Banks are forever lecturing the public about fraud vigilance, password hygiene and secure habits. Then one vulnerability in the chain opens up and your financial life is suddenly a prop in someone else’s crime scene. First Horizon said it reset passwords and reimbursed affected customers. Lovely. The door had still come off the hinges.


Sometimes The Trouble Was Sitting Behind The Desk

And if all that were not enough, 2025 brought a rather intimate little disgrace from inside the bank itself.

In September 2025, the Federal Reserve announced a consent prohibition order against Jermal McGlown, a former First Horizon Bank employee in Memphis, for misappropriation of customer data. The accompanying order says McGlown used his position as a wire transfer administrator to obtain confidential customer information and pass it to a third party, who then impersonated customers and initiated fraudulent wire transfers. The bank’s total loss was $42,000.

Which is almost charming in its squalor. Not some grand global syndicate cracking the vault with lasers and a yacht waiting offshore. Just an insider with access, a third party on the take, and customers left to discover that the person nearest the till may have been helping himself to the details.

Again, the language is measured. Misappropriation of customer data. Fraudulent wire transfers. Total loss of $42,000.

In plain English, someone on the inside treated customer information like a buffet ticket and the bank got to explain itself afterwards.


Another Cummins Investor With Funeral-March Manners

That is why First Horizon belongs in Shareholder Spotlight.

Because this is what the Cummins investor base looks like when you stop admiring the logo and start checking who is standing around the wake. A bank carrying nine-figure mortgage settlements in its family history, a six-figure SEC penalty for post-merger compliance failures, a customer-account breach, a Fed prohibition order against a former insider, and more than $360 million in tracked penalties over time.

Nobody is saying First Horizon invented every sin in the Cummins universe. That is not the point.
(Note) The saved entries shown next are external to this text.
(* There exists a constant $C>0$ such that for every integer $m\ge 5$ there exist a number of voters $n$, a distribution $\mathcal{D}$ supported on $[0,1]$, and a preference profile $\sigma$ on $n$ voters and $m$ alternatives such that every expected-welfare-maximizing rule $f$ for $\mathcal{D}$ satisfies $$\mathbb{E}[\mathrm{dist}(f(\sigma),\sigma)]\le \frac{C}{m}\cdot\max_{j\in A}\mathbb{E}[\mathrm{dist}(j,\sigma)].$$
   Context: There are $n$ voters $N=\{1,\dots,n\}$ and $m$ alternatives $A=\{1,\dots,m\}$. A preference profile $\sigma=(\sigma_1,\dots,\sigma_n)$ consists of a ranking of $A$ for each voter; position $1$ is the top. A (deterministic) voting rule $f$ maps each preference profile to an alternative. Given a distribution $\mathcal{D}$ and a profile $\sigma$, a random utility profile $u$ consistent with $\sigma$ is generated as follows: independently for each voter $i$, draw $m$ i.i.d. samples from $\mathcal{D}$ and assign them, from highest to lowest, to the alternatives in the order of $\sigma_i$. The social welfare of alternative $j$ is $\mathrm{sw}(j,u)=\sum_{i}u_{ij}$; expectations are over this random $u$. The distortion of $j$ at $\sigma$ is $\mathrm{dist}(j,\sigma)=\mathrm{sw}(j,u)/\max_{k\in A}\mathrm{sw}(k,u)$. A rule is an expected-welfare-maximizing rule for $\mathcal{D}$ if for every profile $\sigma$ it selects an alternative maximizing $\mathbb{E}[\mathrm{sw}(j,u)]$ over $j\in A$. *)

theory Defs
  imports "HOL-Probability.Probability"
begin

text \<open>Voters are 1..n, alternatives 1..m, positions 1..m (position 1 = top).
A profile is represented by sigma :: nat => nat => nat, where sigma i p is the
alternative voter i ranks at position p.\<close>

definition is_profile :: "nat \<Rightarrow> nat \<Rightarrow> (nat \<Rightarrow> nat \<Rightarrow> nat) \<Rightarrow> bool" where
  "is_profile n m \<sigma> \<longleftrightarrow> (\<forall>i\<in>{1..n}. bij_betw (\<sigma> i) {1..m} {1..m})"

definition pos :: "nat \<Rightarrow> (nat \<Rightarrow> nat \<Rightarrow> nat) \<Rightarrow> nat \<Rightarrow> nat \<Rightarrow> nat" where
  "pos m \<sigma> i j = the_inv_into {1..m} (\<sigma> i) j"

definition kth_largest :: "nat \<Rightarrow> (nat \<Rightarrow> real) \<Rightarrow> nat \<Rightarrow> real" where
  "kth_largest m y p = rev (sort (map y [1..<m+1])) ! (p - 1)"

definition sample_space :: "nat \<Rightarrow> nat \<Rightarrow> real measure \<Rightarrow> (nat \<times> nat \<Rightarrow> real) measure" where
  "sample_space n m D = PiM ({1..n} \<times> {1..m}) (\<lambda>_. D)"

text \<open>Utility u_ij: the samples of voter i, sorted from highest to lowest, are
assigned to the alternatives in the order of sigma i.\<close>
definition util :: "nat \<Rightarrow> (nat \<Rightarrow> nat \<Rightarrow> nat) \<Rightarrow> (nat \<times> nat \<Rightarrow> real) \<Rightarrow> nat \<Rightarrow> nat \<Rightarrow> real" where
  "util m \<sigma> x i j = kth_largest m (\<lambda>k. x (i, k)) (pos m \<sigma> i j)"

definition sw :: "nat \<Rightarrow> nat \<Rightarrow> (nat \<Rightarrow> nat \<Rightarrow> nat) \<Rightarrow> (nat \<times> nat \<Rightarrow> real) \<Rightarrow> nat \<Rightarrow> real" where
  "sw n m \<sigma> x j = (\<Sum>i\<in>{1..n}. util m \<sigma> x i j)"

definition max_sw :: "nat \<Rightarrow> nat \<Rightarrow> (nat \<Rightarrow> nat \<Rightarrow> nat) \<Rightarrow> (nat \<times> nat \<Rightarrow> real) \<Rightarrow> real" where
  "max_sw n m \<sigma> x = Max ((\<lambda>k. sw n m \<sigma> x k) ` {1..m})"

definition dist_alt :: "nat \<Rightarrow> nat \<Rightarrow> (nat \<Rightarrow> nat \<Rightarrow> nat) \<Rightarrow> (nat \<times> nat \<Rightarrow> real) \<Rightarrow> nat \<Rightarrow> real" where
  "dist_alt n m \<sigma> x j = sw n m \<sigma> x j / max_sw n m \<sigma> x"

definition exp_sw :: "nat \<Rightarrow> nat \<Rightarrow> real measure \<Rightarrow> (nat \<Rightarrow> nat \<Rightarrow> nat) \<Rightarrow> nat \<Rightarrow> real" where
  "exp_sw n m D \<sigma> j = (\<integral>x. sw n m \<sigma> x j \<partial>sample_space n m D)"

definition exp_dist :: "nat \<Rightarrow> nat \<Rightarrow> real measure \<Rightarrow> (nat \<Rightarrow> nat \<Rightarrow> nat) \<Rightarrow> nat \<Rightarrow> real" where
  "exp_dist n m D \<sigma> j = (\<integral>x. dist_alt n m \<sigma> x j \<partial>sample_space n m D)"

definition ewm_rule :: "nat \<Rightarrow> nat \<Rightarrow> real measure \<Rightarrow> ((nat \<Rightarrow> nat \<Rightarrow> nat) \<Rightarrow> nat) \<Rightarrow> bool" where
  "ewm_rule n m D f \<longleftrightarrow> (\<forall>\<sigma>. is_profile n m \<sigma> \<longrightarrow>
      f \<sigma> \<in> {1..m} \<and> (\<forall>j\<in>{1..m}. exp_sw n m D \<sigma> j \<le> exp_sw n m D \<sigma> (f \<sigma>)))"

definition distr_on_unit :: "real measure \<Rightarrow> bool" where
  "distr_on_unit D \<longleftrightarrow> prob_space D \<and> sets D = sets borel \<and> measure D {0..1} = 1"

end

theory Submission
  imports Defs
begin

text \<open>
  Fix \<open>m \<ge> 5\<close>, put \<open>t = m\<^sup>3\<close> and \<open>n = (m - 1) t\<close>, and let utilities be drawn from a three-point
  distribution: the value 1 with the tiny probability \<open>r = 1 / (n m\<^sup>2)\<close>, a medium value
  \<open>a = r / (4 m)\<close> with probability \<open>4 / m\<close>, and the negligible value \<open>a / m\<close> otherwise.
  Each alternative \<open>j \<ge> 2\<close> is ranked first by \<open>t\<close> voters and alternative 1 is ranked second by
  everybody.

  In expectation alternative 2 collects at least \<open>t r\<close>, since each of its \<open>t\<close> supporters
  contributes the largest of \<open>m\<close> samples, which is 1 with probability at least \<open>r\<close>.  Alternative 1 collects at most \<open>n (a + m\<^sup>2 r\<^sup>2)\<close>,
  which is smaller: a second largest sample is 1 only if two samples are 1.  So every
  expected-welfare-maximizing rule avoids alternative 1.

  On the other hand, the expected number of samples equal to 1 is only \<open>1 / m\<close>.  With probability
  at least \<open>1 - 3 / m\<close> no sample is 1, at least \<open>n / 4\<close> voters have two medium samples (so alternative 1
  gets welfare \<open>\<ge> a n / 4\<close>), and by Hoeffding's inequality every \<open>j \<ge> 2\<close> gets the medium value from
  fewer than \<open>6 t\<close> voters (welfare \<open>\<le> 7 t a\<close>).  On this typical event alternative 1 has
  distortion at least \<open>1 / 8\<close> and every other alternative at most \<open>35 / m\<close>, whence the chosen
  alternative has expected distortion at most \<open>38 / m \<le> (760 / m) E dist(1)\<close>.
\<close>

section \<open>Order statistics\<close>

definition count_ge :: "nat \<Rightarrow> real \<Rightarrow> (nat \<Rightarrow> real) \<Rightarrow> nat" where
  "count_ge m \<theta> y = card {k\<in>{1..m}. \<theta> \<le> y k}"
lemma inj_on_funpow_arc_succ: "inj_on (arc_succ A ^^ j) V"
proof (induction j)
  case (Suc j)
  have "inj_on (arc_succ A \<circ> (arc_succ A ^^ j)) V"
    using Suc inj_on_arc_succ funpow_arc_succ_in by (intro comp_inj_on) (auto intro: inj_on_subset)
  then show ?case by (simp add: comp_def)
qed simp

lemma funpow_arc_succ_cancel:
  assumes "x \<in> V" "y \<in> V" "j2 \<le> j1" "(arc_succ A ^^ j1) x = (arc_succ A ^^ j2) y"
  shows "(arc_succ A ^^ (j1 - j2)) x = y"
proof -
  have "arc_succ A ^^ j1 = (arc_succ A ^^ j2) \<circ> (arc_succ A ^^ (j1 - j2))"
    using assms(3) by (simp flip: funpow_add)
  then have "(arc_succ A ^^ j2) ((arc_succ A ^^ (j1 - j2)) x) = (arc_succ A ^^ j2) y"
    using assms(4) by simp
  then show ?thesis using inj_on_funpow_arc_succ funpow_arc_succ_in assms(1,2) by (meson inj_onD)
qed

lemma arc_succ_walk: "x \<in> V \<Longrightarrow> mixed_walk E A (\<lambda>t. (arc_succ A ^^ t) x) d"
  unfolding mixed_walk_def mstep_def using arc_succ funpow_arc_succ_in by simp

lemma other_edge_neighbour: "x \<in> V \<Longrightarrow> \<exists>z. E x z \<and> z \<noteq> y"
proof -
  assume "x \<in> V"
  then have "card {z \<in> V. E x z} = 2" using zrg unfolding zrg_mixed_graph_def by blast
  then obtain a b where "a \<noteq> b" "{z \<in> V. E x z} = {a, b}" by (meson card_2_iff)
  then show ?thesis by (metis (no_types, lifting) insertCI mem_Collect_eq)
qed

lemma girth_ge_3: "3 \<le> g"
  using girth_cycle mixed_cycle_length_ge_3[OF mixed_graph] by blast

lemma exists_edge: "\<exists>x y. E x y"
proof -
  obtain vs where "mixed_cycle E A vs" using girth_cycle by blast
  then have "mstep E A (vs ! 0) (vs ! (1 mod length vs))" unfolding mixed_cycle_def by auto
  then have "vs ! 0 \<in> V" using mixed_graph_mstep_vertices[OF mixed_graph] by blast
  then show ?thesis using other_edge_neighbour by blast
qed
(* Let $R$ be a ring and $n\ge 1$. Then $R$ is almost Armendariz if and only if the upper triangular matrix ring $T_n(R)$ is almost Armendariz.
   Context: All rings are associative with identity. For a ring $R$, $P(R)$ denotes the prime radical of $R$ (the intersection of all prime ideals of $R$, equivalently the set of strongly nilpotent elements of $R$). A ring $R$ is called almost Armendariz if whenever $f(x)=\sum_{i=0}^m a_ix^i$ and $g(x)=\sum_{j=0}^n b_jx^j\in R[x]$ satisfy $f(x)g(x)=0$, then $a_ib_j\in P(R)$ for all $0\le i\le m$, $0\le j\le n$. $T_n(R)$ denotes the ring of $n\times n$ upper triangular matrices over $R$. *)

theory Defs
  imports "HOL-Algebra.UnivPoly" "HOL-Algebra.Ideal_Product"
begin

definition nc_prime_ideal :: "'a set \<Rightarrow> ('a, 'b) ring_scheme \<Rightarrow> bool" where
  "nc_prime_ideal P R \<longleftrightarrow> ideal P R \<and> P \<noteq> carrier R \<and>
     (\<forall>I J. ideal I R \<longrightarrow> ideal J R \<longrightarrow> ideal_prod R I J \<subseteq> P \<longrightarrow> I \<subseteq> P \<or> J \<subseteq> P)"

text \<open>Prime radical: intersection of all prime ideals (the whole ring if there are none).\<close>
definition prime_radical :: "('a, 'b) ring_scheme \<Rightarrow> 'a set" where
  "prime_radical R = carrier R \<inter> \<Inter> {P. nc_prime_ideal P R}"

definition almost_armendariz :: "('a, 'b) ring_scheme \<Rightarrow> bool" where
  "almost_armendariz R \<longleftrightarrow>
     (\<forall>f \<in> carrier (UP R). \<forall>g \<in> carrier (UP R).
        f \<otimes>\<^bsub>UP R\<^esub> g = \<zero>\<^bsub>UP R\<^esub> \<longrightarrow>
        (\<forall>i \<le> deg R f. \<forall>j \<le> deg R g.
           coeff (UP R) f i \<otimes>\<^bsub>R\<^esub> coeff (UP R) g j \<in> prime_radical R))"

text \<open>The ring T_n(R) of n x n upper triangular matrices over R, indices 0..n-1;
  matrices are represented as functions nat => nat => 'a which are zero outside
  the upper triangle of the index range.\<close>
definition UT :: "nat \<Rightarrow> ('a, 'b) ring_scheme \<Rightarrow> (nat \<Rightarrow> nat \<Rightarrow> 'a) ring" where
  "UT n R = \<lparr> carrier = {A. (\<forall>i j. A i j \<in> carrier R) \<and>
                               (\<forall>i j. (j < i \<or> n \<le> j) \<longrightarrow> A i j = \<zero>\<^bsub>R\<^esub>)},
             monoid.mult = (\<lambda>A B i j. finsum R (\<lambda>k. A i k \<otimes>\<^bsub>R\<^esub> B k j) {..<n}),
             one = (\<lambda>i j. if i = j \<and> i < n then \<one>\<^bsub>R\<^esub> else \<zero>\<^bsub>R\<^esub>),
             zero = (\<lambda>i j. \<zero>\<^bsub>R\<^esub>),
             add = (\<lambda>A B i j. A i j \<oplus>\<^bsub>R\<^esub> B i j) \<rparr>"

end

theory Submission
  imports Defs "HOL-Algebra.QuotRing"
begin

text \<open>The diagonal projections A \<mapsto> A_kk are surjective ring homomorphisms T_n(R) \<rightarrow> R, and
  prime ideals pull back to prime ideals along surjections, so the diagonal of a matrix in
  P(T_n(R)) lies in P(R). Conversely, every prime ideal of T_n(R) contains the nilpotent ideal of
  strictly upper triangular matrices and, for r \<in> P(R), the matrix with r at (k,k) and zeros
  elsewhere; hence P(T_n(R)) consists exactly of the matrices whose diagonal lies in P(R).
  Applying a ring homomorphism coefficientwise preserves products of polynomials, so a relation
  f g = 0 can be pushed along the diagonal projections (R almost Armendariz implies T_n(R) is)
  and along the scalar embedding R \<rightarrow> T_n(R) (the converse).\<close>

lemma (in abelian_monoid) finsum_swap:
  assumes "finite A" "finite B" "\<And>i j. i \<in> A \<Longrightarrow> j \<in> B \<Longrightarrow> f i j \<in> carrier G"
  shows "(\<Oplus>i\<in>A. \<Oplus>j\<in>B. f i j) = (\<Oplus>j\<in>B. \<Oplus>i\<in>A. f i j)"
  using assms
proof (induction A rule: finite_induct)
  case empty
  then show ?case by (simp add: finsum_zero[symmetric] cong: finsum_cong)
next
  case (insert a A)
  have "(\<Oplus>i\<in>insert a A. \<Oplus>j\<in>B. f i j) = (\<Oplus>j\<in>B. f a j) \<oplus> (\<Oplus>i\<in>A. \<Oplus>j\<in>B. f i j)"
    using insert by (intro finsum_insert) (auto intro!: finsum_closed)
  also have "\<dots> = (\<Oplus>j\<in>B. f a j) \<oplus> (\<Oplus>j\<in>B. \<Oplus>i\<in>A. f i j)"
    using insert by simp
  also have "\<dots> = (\<Oplus>j\<in>B. f a j \<oplus> (\<Oplus>i\<in>A. f i j))"
    using insert by (intro finsum_addf[symmetric]) (auto intro!: finsum_closed)
  also have "\<dots> = (\<Oplus>j\<in>B. \<Oplus>i\<in>insert a A. f i j)"
    using insert by (intro finsum_cong) (auto simp: finsum_insert Pi_def)
  finally show ?case .
qed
The point is that Cummins does not float above a clean pool of respectable capital. It is also owned, in small and large slices, by institutions like this – polished in presentation, grubby on inspection, always ready with a statement, never far from the next explanation.

First Horizon can keep smiling in the annual report. Cummins can keep cashing the institutional support.

But this is not stewardship. It is one more well-dressed bank buying into the same dirty ecosystem and hoping the public mistakes a tidy lobby for a clean conscience.

A nice regional banker on the brochure.

Another undertaker with a spreadsheet when you read the record.